* _Saved data entries_:
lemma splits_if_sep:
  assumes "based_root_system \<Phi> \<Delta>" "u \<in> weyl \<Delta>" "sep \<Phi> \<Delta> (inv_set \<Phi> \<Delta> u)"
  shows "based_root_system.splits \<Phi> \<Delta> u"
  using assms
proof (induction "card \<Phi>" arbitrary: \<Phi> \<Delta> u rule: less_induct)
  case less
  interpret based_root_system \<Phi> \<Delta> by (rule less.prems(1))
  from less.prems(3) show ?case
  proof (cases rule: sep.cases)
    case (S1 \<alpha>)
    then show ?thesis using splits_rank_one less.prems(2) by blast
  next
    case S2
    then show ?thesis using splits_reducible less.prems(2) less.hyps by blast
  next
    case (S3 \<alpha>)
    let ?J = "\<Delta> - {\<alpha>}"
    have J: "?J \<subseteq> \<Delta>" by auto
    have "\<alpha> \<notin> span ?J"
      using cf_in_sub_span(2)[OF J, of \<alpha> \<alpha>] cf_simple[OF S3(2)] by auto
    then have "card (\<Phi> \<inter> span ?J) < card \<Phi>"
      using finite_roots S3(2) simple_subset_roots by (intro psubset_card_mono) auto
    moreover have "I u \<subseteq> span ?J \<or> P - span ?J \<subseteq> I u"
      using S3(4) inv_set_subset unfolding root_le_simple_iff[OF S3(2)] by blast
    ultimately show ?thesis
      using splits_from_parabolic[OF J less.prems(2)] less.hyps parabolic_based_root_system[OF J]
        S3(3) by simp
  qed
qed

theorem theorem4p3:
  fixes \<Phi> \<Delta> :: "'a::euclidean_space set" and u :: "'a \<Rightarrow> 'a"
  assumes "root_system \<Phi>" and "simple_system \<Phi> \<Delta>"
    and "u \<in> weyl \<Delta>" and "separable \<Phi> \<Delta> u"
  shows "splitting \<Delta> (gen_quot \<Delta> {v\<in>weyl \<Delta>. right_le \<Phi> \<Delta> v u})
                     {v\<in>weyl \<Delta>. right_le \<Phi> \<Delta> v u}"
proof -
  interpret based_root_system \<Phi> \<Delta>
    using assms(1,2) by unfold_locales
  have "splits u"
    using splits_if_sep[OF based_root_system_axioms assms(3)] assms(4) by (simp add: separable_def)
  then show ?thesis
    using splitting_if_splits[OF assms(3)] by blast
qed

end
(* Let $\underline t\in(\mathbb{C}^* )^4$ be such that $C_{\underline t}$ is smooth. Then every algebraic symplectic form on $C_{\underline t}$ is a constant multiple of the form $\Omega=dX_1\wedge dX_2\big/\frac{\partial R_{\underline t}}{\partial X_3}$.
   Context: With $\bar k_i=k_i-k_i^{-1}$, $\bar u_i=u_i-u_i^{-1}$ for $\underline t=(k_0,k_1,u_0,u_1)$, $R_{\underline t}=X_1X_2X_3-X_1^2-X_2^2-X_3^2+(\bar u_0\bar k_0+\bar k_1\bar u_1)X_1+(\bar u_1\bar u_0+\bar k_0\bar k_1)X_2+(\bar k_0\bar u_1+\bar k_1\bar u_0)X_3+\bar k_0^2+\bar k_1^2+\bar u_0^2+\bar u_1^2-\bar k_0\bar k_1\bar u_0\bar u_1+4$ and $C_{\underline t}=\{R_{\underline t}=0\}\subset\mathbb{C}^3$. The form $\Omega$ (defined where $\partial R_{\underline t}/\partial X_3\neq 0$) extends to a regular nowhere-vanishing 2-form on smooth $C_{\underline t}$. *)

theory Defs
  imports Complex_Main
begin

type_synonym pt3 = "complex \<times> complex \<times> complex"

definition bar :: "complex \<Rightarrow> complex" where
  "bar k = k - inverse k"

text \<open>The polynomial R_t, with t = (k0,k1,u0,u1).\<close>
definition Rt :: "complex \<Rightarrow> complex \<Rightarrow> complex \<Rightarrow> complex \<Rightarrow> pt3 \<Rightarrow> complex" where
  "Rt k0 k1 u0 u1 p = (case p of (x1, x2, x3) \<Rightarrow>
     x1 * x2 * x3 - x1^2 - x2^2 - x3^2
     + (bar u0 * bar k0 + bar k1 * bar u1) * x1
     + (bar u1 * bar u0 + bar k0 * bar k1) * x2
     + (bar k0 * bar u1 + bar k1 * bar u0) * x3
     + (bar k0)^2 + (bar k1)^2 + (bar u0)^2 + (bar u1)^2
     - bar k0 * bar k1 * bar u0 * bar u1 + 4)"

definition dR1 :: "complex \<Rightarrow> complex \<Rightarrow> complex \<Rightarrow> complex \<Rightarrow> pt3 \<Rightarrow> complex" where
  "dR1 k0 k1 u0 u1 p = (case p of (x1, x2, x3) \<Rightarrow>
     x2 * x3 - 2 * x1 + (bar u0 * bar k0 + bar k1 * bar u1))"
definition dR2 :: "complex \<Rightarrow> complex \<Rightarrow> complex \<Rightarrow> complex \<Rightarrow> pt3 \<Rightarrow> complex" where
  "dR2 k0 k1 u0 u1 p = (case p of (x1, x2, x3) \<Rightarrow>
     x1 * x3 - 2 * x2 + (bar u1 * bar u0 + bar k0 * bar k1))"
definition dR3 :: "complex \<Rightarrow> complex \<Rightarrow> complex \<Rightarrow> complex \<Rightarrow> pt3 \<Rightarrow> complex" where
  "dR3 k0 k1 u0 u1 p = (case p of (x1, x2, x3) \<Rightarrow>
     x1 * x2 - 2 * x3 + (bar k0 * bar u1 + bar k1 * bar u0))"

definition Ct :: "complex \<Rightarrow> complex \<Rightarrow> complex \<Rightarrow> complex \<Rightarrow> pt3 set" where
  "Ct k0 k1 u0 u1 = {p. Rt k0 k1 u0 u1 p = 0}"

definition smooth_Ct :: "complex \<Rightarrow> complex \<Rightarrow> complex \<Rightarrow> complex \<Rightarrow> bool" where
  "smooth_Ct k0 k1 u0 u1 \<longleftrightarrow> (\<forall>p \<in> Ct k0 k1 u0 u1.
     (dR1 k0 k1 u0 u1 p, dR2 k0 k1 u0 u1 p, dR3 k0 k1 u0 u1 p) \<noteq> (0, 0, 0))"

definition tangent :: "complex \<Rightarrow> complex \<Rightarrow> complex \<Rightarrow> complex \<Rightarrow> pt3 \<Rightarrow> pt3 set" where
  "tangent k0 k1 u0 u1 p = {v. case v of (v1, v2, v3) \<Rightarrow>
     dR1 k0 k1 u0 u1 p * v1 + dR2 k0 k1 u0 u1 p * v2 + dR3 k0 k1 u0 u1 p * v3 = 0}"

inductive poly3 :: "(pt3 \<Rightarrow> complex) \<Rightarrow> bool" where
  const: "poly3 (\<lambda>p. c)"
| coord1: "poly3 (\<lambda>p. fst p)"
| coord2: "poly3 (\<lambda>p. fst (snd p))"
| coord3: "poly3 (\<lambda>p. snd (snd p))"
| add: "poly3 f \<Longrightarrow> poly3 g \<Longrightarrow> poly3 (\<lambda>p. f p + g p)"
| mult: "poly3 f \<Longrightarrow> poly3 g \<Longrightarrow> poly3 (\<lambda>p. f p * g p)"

* _Exercise aim_:
Every line holding the string "shows" should be copied here, so please find those lines in the data.

* _Solved problem_:
  shows "based_root_system.splits \<Phi> \<Delta> u"
  shows "splitting \<Delta> (gen_quot \<Delta> {v\<in>weyl \<Delta>. right_le \<Phi> \<Delta> v u})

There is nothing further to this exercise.